Дьяк взял у брата грамоту и впился в неё глазами. – Греческий…, – бросил он, вникая в суть послания. – Давно получили?

– Совсем недавно, ещё воск на печатях не застыл, – хмыкнул Волк. – Потому я сам тебе и привёз. Знамо дело, судя по всему, молодшим греком писано, старого и среднего на Москве сейчас нет, знать в послании что-то важное! – добавил он, но Фёдор Курицын ему не ответил, оторвавшись от письма, он что-то складывал в уме.

– Так ты сказываешь, что это молодой Ласкарь отправил гонца? – дьяк посмотрел на брата, – что ж, послание писано мудрёно, но проникнуть в его суть не трудно. А что с гонцом?

– А нет его. Пропал. И…, стало быть, грамотка вместе с ним, – криво усмехнулся Волк.

– То есть?

– Псарь мой Гаврилка не рассчитал маненько, на дороге его нагнал, петлёй захлестнул, да как с коня рвал, придушил.

– То напрасно. Ну, заполучили мы сие греческое послание, но не шибко много оно нам дало.

– Как так?

– А вот послушай: младшой Ласкарь упоминает про «голубей» – это, несомненно, сигнал о смерти безумного монаха Никея, и его брата Силантия…

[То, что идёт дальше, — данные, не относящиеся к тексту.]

lemma zero_sum_dipole_decomposition:
  fixes c :: "'a \<Rightarrow> real"
  assumes "finite A" "(\<Sum>i\<in>A. c i) = 0"
  shows "\<exists>m \<le> card {i\<in>A. c i \<noteq> 0}. \<exists>a p q. (\<forall>l<m. p l \<in> A \<and> q l \<in> A) \<and>
           (\<forall>i\<in>A. c i = (\<Sum>l<m. dipole (a l) (p l) (q l) i) \<and>
                   \<bar>c i\<bar> = (\<Sum>l<m. \<bar>dipole (a l) (p l) (q l) i\<bar>))"
  using assms(2)
proof (induction "card {i\<in>A. c i \<noteq> 0}" arbitrary: c rule: less_induct)
  case less
  show ?case
  proof (cases "\<forall>i\<in>A. c i = 0")
    case True
    then show ?thesis by (intro exI[of _ 0]) auto
  next
    case False
    then obtain p q where pq: "p \<in> A" "q \<in> A" "c p > 0" "c q < 0"
      using zero_sum_obtains_pos_neg[OF assms(1) less.prems] by blast
    define a where "a = min (c p) (- c q)"
    define c' where "c' i = c i - dipole a p q i" for i
    have "p \<noteq> q" using pq by auto
    then have c'_pq: "c' p = c p - a" "c' q = c q + a" and c'_other: "\<And>i. i \<noteq> p \<Longrightarrow> i \<noteq> q \<Longrightarrow> c' i = c i"
      by (simp_all add: c'_def dipole_def)
    \<comment> \<open>Moving the mass a from p to q never changes a sign, so absolute values add up.\<close>
    have abs_split: "\<bar>c i\<bar> = \<bar>c' i\<bar> + \<bar>dipole a p q i\<bar>" for i
      using pq c'_pq c'_other \<open>p \<noteq> q\<close> by (cases "i = p"; cases "i = q") (auto simp: a_def dipole_def)
    have "(\<Sum>i\<in>A. c' i) = 0"
      using less.prems sum_dipole[OF assms(1) pq(1,2)] by (simp add: c'_def sum_subtractf)
    moreover have "{i\<in>A. c' i \<noteq> 0} \<subset> {i\<in>A. c i \<noteq> 0}"
    proof -
      have "{i\<in>A. c' i \<noteq> 0} \<subseteq> {i\<in>A. c i \<noteq> 0}"
        using pq c'_other by (auto, metis less_irrefl)
      moreover have "c' p = 0 \<or> c' q = 0"
        unfolding c'_pq a_def by linarith
      ultimately show ?thesis using pq by auto
    qed
    then have "card {i\<in>A. c' i \<noteq> 0} < card {i\<in>A. c i \<noteq> 0}"
      using assms(1) by (intro psubset_card_mono) auto
    ultimately obtain m a' p' q' where m: "m \<le> card {i\<in>A. c' i \<noteq> 0}"
      and A: "\<forall>l<m. p' l \<in> A \<and> q' l \<in> A"
      and B: "\<forall>i\<in>A. c' i = (\<Sum>l<m. dipole (a' l) (p' l) (q' l) i) \<and>
                     \<bar>c' i\<bar> = (\<Sum>l<m. \<bar>dipole (a' l) (p' l) (q' l) i\<bar>)"
      using less.hyps by blast
    show ?thesis
    proof (intro exI conjI)
      show "Suc m \<le> card {i\<in>A. c i \<noteq> 0}"
        using m \<open>card {i\<in>A. c' i \<noteq> 0} < _\<close> by linarith
      show "\<forall>l<Suc m. case_nat p p' l \<in> A \<and> case_nat q q' l \<in> A"
        using A pq by (auto simp: less_Suc_eq_0_disj)
      show "\<forall>i\<in>A. c i = (\<Sum>l<Suc m. dipole (case_nat a a' l) (case_nat p p' l) (case_nat q q' l) i) \<and>
              \<bar>c i\<bar> = (\<Sum>l<Suc m. \<bar>dipole (case_nat a a' l) (case_nat p p' l) (case_nat q q' l) i\<bar>)"
        unfolding sum.lessThan_Suc_shift using B abs_split by (auto simp: c'_def)
    qed
  qed
qed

– Ишь… ты, «голуби», – хмыкнул Волк.

– «Сторожевой пёс» – это смрадный Епишка, который и отправил «голубей» на тот свет, – продолжил растолковывать дьяк, а «матушкой» греки привыкли величать государыню Софью, ну и «луна» – это её ближняя слуга – боярыня Мирослава. Вот, зришь? Нет ничего такого, о чём бы мы уже не ведали. Потому худо, что гонца задавили. Греки хитры и заметят пропажу, будут искать своего посыльного, насторожатся, а нам это совсем не к чему.

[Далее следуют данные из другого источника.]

lemma tail_term_le:
  assumes "i < K - 1"
  shows "\<bar>\<gamma> (i + 2)\<bar> * \<nu> ^ (i + 2) * 2 ^ i \<le> \<nu> * tail_coeff_max * 2 ^ (K - 1) * (23 * \<nu>) ^ (i + 1) / 46"
proof -
  define G where "G = tail_coeff_max"
  have "\<bar>\<gamma> (i + 2)\<bar> \<le> G"
    using abs_gamma_le_tail_coeff_max[OF assms] by (simp add: G_def)
  then have "G \<ge> 0"
    by (meson abs_ge_zero order_trans)
  have "46 * 2 ^ i = (23::real) * 2 ^ (i + 1)"
    by simp
  also have "\<dots> \<le> 23 ^ (i + 1) * 2 ^ (K - 1)"
    using assms by (intro mult_mono power_increasing) (auto simp: self_le_power)
  finally have *: "46 * 2 ^ i \<le> (23::real) ^ (i + 1) * 2 ^ (K - 1)" .
  have "\<bar>\<gamma> (i + 2)\<bar> * \<nu> ^ (i + 2) * 2 ^ i \<le> G * \<nu> * \<nu> ^ (i + 1) * (46 * 2 ^ i) / 46"
    using \<open>\<bar>\<gamma> (i + 2)\<bar> \<le> G\<close> nu_pos by (simp add: mult_right_mono power_add)
  also have "\<dots> \<le> G * \<nu> * \<nu> ^ (i + 1) * (23 ^ (i + 1) * 2 ^ (K - 1)) / 46"
    using * \<open>G \<ge> 0\<close> nu_pos by (intro divide_right_mono mult_left_mono) auto
  also have "\<dots> = \<nu> * G * 2 ^ (K - 1) * (23 * \<nu>) ^ (i + 1) / 46"
    by (simp add: power_mult_distrib)
  finally show ?thesis
    by (simp add: G_def)
qed

lemma tail_sum_bound:
  assumes "large_degree n"
  shows "(\<Sum>i<K - 1. \<bar>\<gamma> (i + 2)\<bar> * \<nu> ^ (i + 2) * 2 ^ i) \<le> \<nu> * (8 * real n + 2 * \<bar>\<alpha>\<bar>) / 46"
proof -
  define G where "G = tail_coeff_max"
  define t where "t = 23 * \<nu>"
  have "(\<Sum>i<K - 1. \<bar>\<gamma> (i + 2)\<bar> * \<nu> ^ (i + 2) * 2 ^ i)
      \<le> (\<Sum>i<K - 1. \<nu> * G * 2 ^ (K - 1) * t ^ (i + 1) / 46)"
    using tail_term_le by (intro sum_mono) (auto simp: G_def t_def)
  also have "\<dots> = (\<nu> * G * 2 ^ (K - 1) * t / 46) * (\<Sum>i<K - 1. t ^ i)"
    unfolding sum_distrib_left by (rule sum.cong) (simp_all add: power_Suc)
  also have "\<dots> = \<nu> * (t * 2 ^ (K - 1) * geom_quot t K * G) / 46"
    by (simp add: geom_quot_eq_sum)
  also have "\<dots> \<le> \<nu> * (8 * real n + 2 * \<bar>\<alpha>\<bar>) / 46"
  proof -
    have "t * 2 ^ (K - 1) * geom_quot t K * G \<le> 8 * real n + 2 * \<bar>\<alpha>\<bar>"
      using assms by (simp add: large_degree_def t_def G_def algebra_simps)
    with nu_pos show ?thesis
      by (intro divide_right_mono mult_left_mono) auto
  qed
  finally show ?thesis .
qed

lemma backward_bound_at_root:
  assumes "large_degree n" and n: "n = Suc (Suc N)" and root: "poly (monic_laguerre \<alpha> (Suc N)) y = 0"
    and "i < K - 1"
  shows "\<bar>poly (monic_laguerre \<alpha> (N - i)) y\<bar> \<le> 2 ^ i * \<bar>poly (monic_laguerre \<alpha> N) y\<bar>"
proof -
  have n9: "real n \<ge> 9" and nK: "n \<ge> 2 * K"
    using assms(1) large_degree_ge_9 by (auto simp: large_degree_def)
  have y: "0 < y" "y < 4 * real n + 2 * \<alpha> - 6"
    using monic_laguerre_root_bounds[OF alpha_gt root] n n9 alpha_gt by auto
  have "\<bar>y - (2 * real m + \<alpha> + 1)\<bar> + 1 \<le> 2 * (real m * (real m + \<alpha>))"
    if "N - (K - 2) < m" "m \<le> N" for m
    by (rule recurrence_doubling_condition[OF alpha_gt n9 _ y]) (use that n nK alpha_gt in auto)
  then show ?thesis
    using monic_laguerre_backward_bound[OF root, of "K - 2" i] assms(4) n nK by auto
qed

lemma poly_q_at_laguerre_root:
  assumes n: "n = Suc (Suc N)" and root: "poly (monic_laguerre \<alpha> (Suc N)) y = 0"
  shows "poly (q n) y = - (\<rho> n * (real (Suc N) * (real (Suc N) + \<alpha>)) * poly (monic_laguerre \<alpha> N) y)
    + (\<Sum>i<K - 1. \<gamma> (i + 2) * \<rho> (n - (i + 2)) * poly (monic_laguerre \<alpha> (N - i)) y)"
proof -
  define f where "f j = \<gamma> j * \<rho> (n - j) * poly (monic_laguerre \<alpha> (n - j)) y" for j
  have "poly (q n) y = f 0 + f 1 + (\<Sum>i<K - 1. f (i + 2))"
    unfolding f_def q_eq poly_sum poly_smult by (rule sum_atMost_split_first_two[OF K_pos])
  moreover have "f 0 = - (\<rho> n * (real (Suc N) * (real (Suc N) + \<alpha>)) * poly (monic_laguerre \<alpha> N) y)"
    using root by (simp add: f_def n gamma_0 poly_monic_laguerre_recurrence)
  moreover have "f 1 = 0"
    using root by (simp add: f_def n)
  moreover have "f (i + 2) = \<gamma> (i + 2) * \<rho> (n - (i + 2)) * poly (monic_laguerre \<alpha> (N - i)) y" for i
    by (simp add: f_def n)
  ultimately show ?thesis by simp
qed

lemma tail_at_laguerre_root_lt:
  assumes large: "large_degree n" and n: "n = Suc (Suc N)"
    and root: "poly (monic_laguerre \<alpha> (Suc N)) y = 0" and nz: "poly (monic_laguerre \<alpha> N) y \<noteq> 0"
  shows "\<bar>\<Sum>i<K - 1. \<gamma> (i + 2) * \<rho> (n - (i + 2)) * poly (monic_laguerre \<alpha> (N - i)) y\<bar>
    < \<rho> n * (real (Suc N) * (real (Suc N) + \<alpha>)) * \<bar>poly (monic_laguerre \<alpha> N) y\<bar>"
proof -
  define A where "A = \<bar>poly (monic_laguerre \<alpha> N) y\<bar>"
  have n9: "real n \<ge> 9" and nK: "n \<ge> 2 * K"
    using large large_degree_ge_9 by (auto simp: large_degree_def)
  have "A > 0" "\<rho> n > 0"
    using nz rho_pos by (auto simp: A_def)
  have "\<bar>\<Sum>i<K - 1. \<gamma> (i + 2) * \<rho> (n - (i + 2)) * poly (monic_laguerre \<alpha> (N - i)) y\<bar>
      \<le> (\<Sum>i<K - 1. \<bar>\<gamma> (i + 2)\<bar> * (\<nu> ^ (i + 2) * \<rho> n) * (2 ^ i * A))"
  proof (rule order_trans[OF sum_abs sum_mono])
    fix i assume "i \<in> {..<K - 1}"
    then have "\<rho> (n - (i + 2)) \<le> \<nu> ^ (i + 2) * \<rho> n"
        "\<bar>poly (monic_laguerre \<alpha> (N - i)) y\<bar> \<le> 2 ^ i * A"
      using rho_diff_le[of "i + 2" n] backward_bound_at_root[OF large n root, of i] nK
      by (auto simp: A_def)
    then show "\<bar>\<gamma> (i + 2) * \<rho> (n - (i + 2)) * poly (monic_laguerre \<alpha> (N - i)) y\<bar>
        \<le> \<bar>\<gamma> (i + 2)\<bar> * (\<nu> ^ (i + 2) * \<rho> n) * (2 ^ i * A)"
      using rho_pos[of "n - (i + 2)"] by (simp add: abs_mult mult_mono)
  qed
  also have "\<dots> = (\<Sum>i<K - 1. \<bar>\<gamma> (i + 2)\<bar> * \<nu> ^ (i + 2) * 2 ^ i) * (\<rho> n * A)"
    unfolding sum_distrib_right by (rule sum.cong) (simp_all add: algebra_simps)
  also have "\<dots> \<le> \<nu> * (8 * real n + 2 * \<bar>\<alpha>\<bar>) / 46 * (\<rho> n * A)"
    using tail_sum_bound[OF large] \<open>A > 0\<close> \<open>\<rho> n > 0\<close> by (intro mult_right_mono) auto
  also have "\<dots> < real (Suc N) * (real (Suc N) + \<alpha>) * (\<rho> n * A)"
  proof -
    have "\<nu> * (8 * real n + 2 * \<bar>\<alpha>\<bar>) / 46 < real (Suc N) * (real (Suc N) + \<alpha>)"
      using leading_term_dominates[OF alpha_gt _ _ n9] large by (simp add: n large_degree_def)
    with \<open>A > 0\<close> \<open>\<rho> n > 0\<close> show ?thesis
      by (intro mult_strict_right_mono) auto
  qed
  finally show ?thesis
    by (simp add: A_def algebra_simps)
qed

lemma sgn_q_at_laguerre_root:
  assumes large: "large_degree n" and n: "n = Suc (Suc N)"
    and root: "poly (monic_laguerre \<alpha> (Suc N)) y = 0" and nz: "poly (monic_laguerre \<alpha> N) y \<noteq> 0"
  shows "sgn (poly (q n) y) = - sgn (poly (monic_laguerre \<alpha> N) y)"
proof -
  define C where "C = real (Suc N) * (real (Suc N) + \<alpha>)"
  define L where "L = poly (monic_laguerre \<alpha> N) y"
  define E where "E = (\<Sum>i<K - 1. \<gamma> (i + 2) * \<rho> (n - (i + 2)) * poly (monic_laguerre \<alpha> (N - i)) y)"
  have "C > 0" "\<rho> n > 0"
    using alpha_gt rho_pos by (auto simp: C_def)
  have "\<bar>E\<bar> < \<bar>- (\<rho> n * C * L)\<bar>"
    using tail_at_laguerre_root_lt[OF assms, folded C_def E_def L_def] \<open>C > 0\<close> \<open>\<rho> n > 0\<close>
    by (simp add: abs_mult)
  moreover have "poly (q n) y = - (\<rho> n * C * L) + E"
    using poly_q_at_laguerre_root[OF n root] by (simp only: C_def E_def L_def)
  ultimately have "sgn (poly (q n) y) = sgn (- (\<rho> n * C * L))"
    by (simp only: sgn_add_dominated)
  with \<open>C > 0\<close> \<open>\<rho> n > 0\<close> show ?thesis
    by (simp add: sgn_mult L_def)
qed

– И что делать? Мне не по душе эти греческие грамоты. Ведь пока они держали под своим замком этих умалишенных, кто знает, что успели вызнать? Ежели прознали греки, кто укрылся от мира за именем Никей, то и прочие имена сведать не сложно. А это прямая указка на меня, а стало быть, на нас. Разве не для того покойник Болеслав Лукомский прибрал проныру Патрикея, чтобы не поднимать давней мути на поверхность?

– Да, истинно так и с этого всё зачалось. Греки как клещи вцепились и не отстают, подбираются всё ближе. И мертвецов уже целых хоровод. А между тем, как ты сам знаешь, на Москве сейчас только младшой из них, а где остальные? Вот то-то, и я не ведаю. И что они замышляют, а может уже и делают, о том тоже, только гадать можем, притом, что кажный раз, как они исчезают из поля зрения – что-то происходит, то Лукомского споймали, то Никея сграбастали. Мыслю, что ежели бы они не страшились, что мы имеем от государя заступу, то по их воле…, мы с тобой оба кормили бы уже червей своими телами.

– И что с того? Ради того дела, что мы задумали разве это цена? А отступать нам не след. Я так думаю, брате, коли взял топор – топори.

– Эх, – глубоко вздохнул дьяк Фёдор, и чуть покачался всем телом из стороны в сторону, – кажный день прошу у Господа сил, выдержки и разума – продолжать то, что мы начали. Ещё помощников, верных в делах, прошу. Ведь вот энтот Епишка, сызнова напортачил – отраву-то пленникам дал, но жратвы тюремной для них пожалел. От того, знамо дело те как подохли, так сразу стало видно, что загнулись они от яду.

– Ну, с Епишкой мы уже управились, он теперича своих мертвецов сам по пути в ад догоняет, – мрачно изрёк Волк.

– Толку-то…. Кажный раз приходится за всеми подчищать. То Епишка, то теперь за твоим псарём….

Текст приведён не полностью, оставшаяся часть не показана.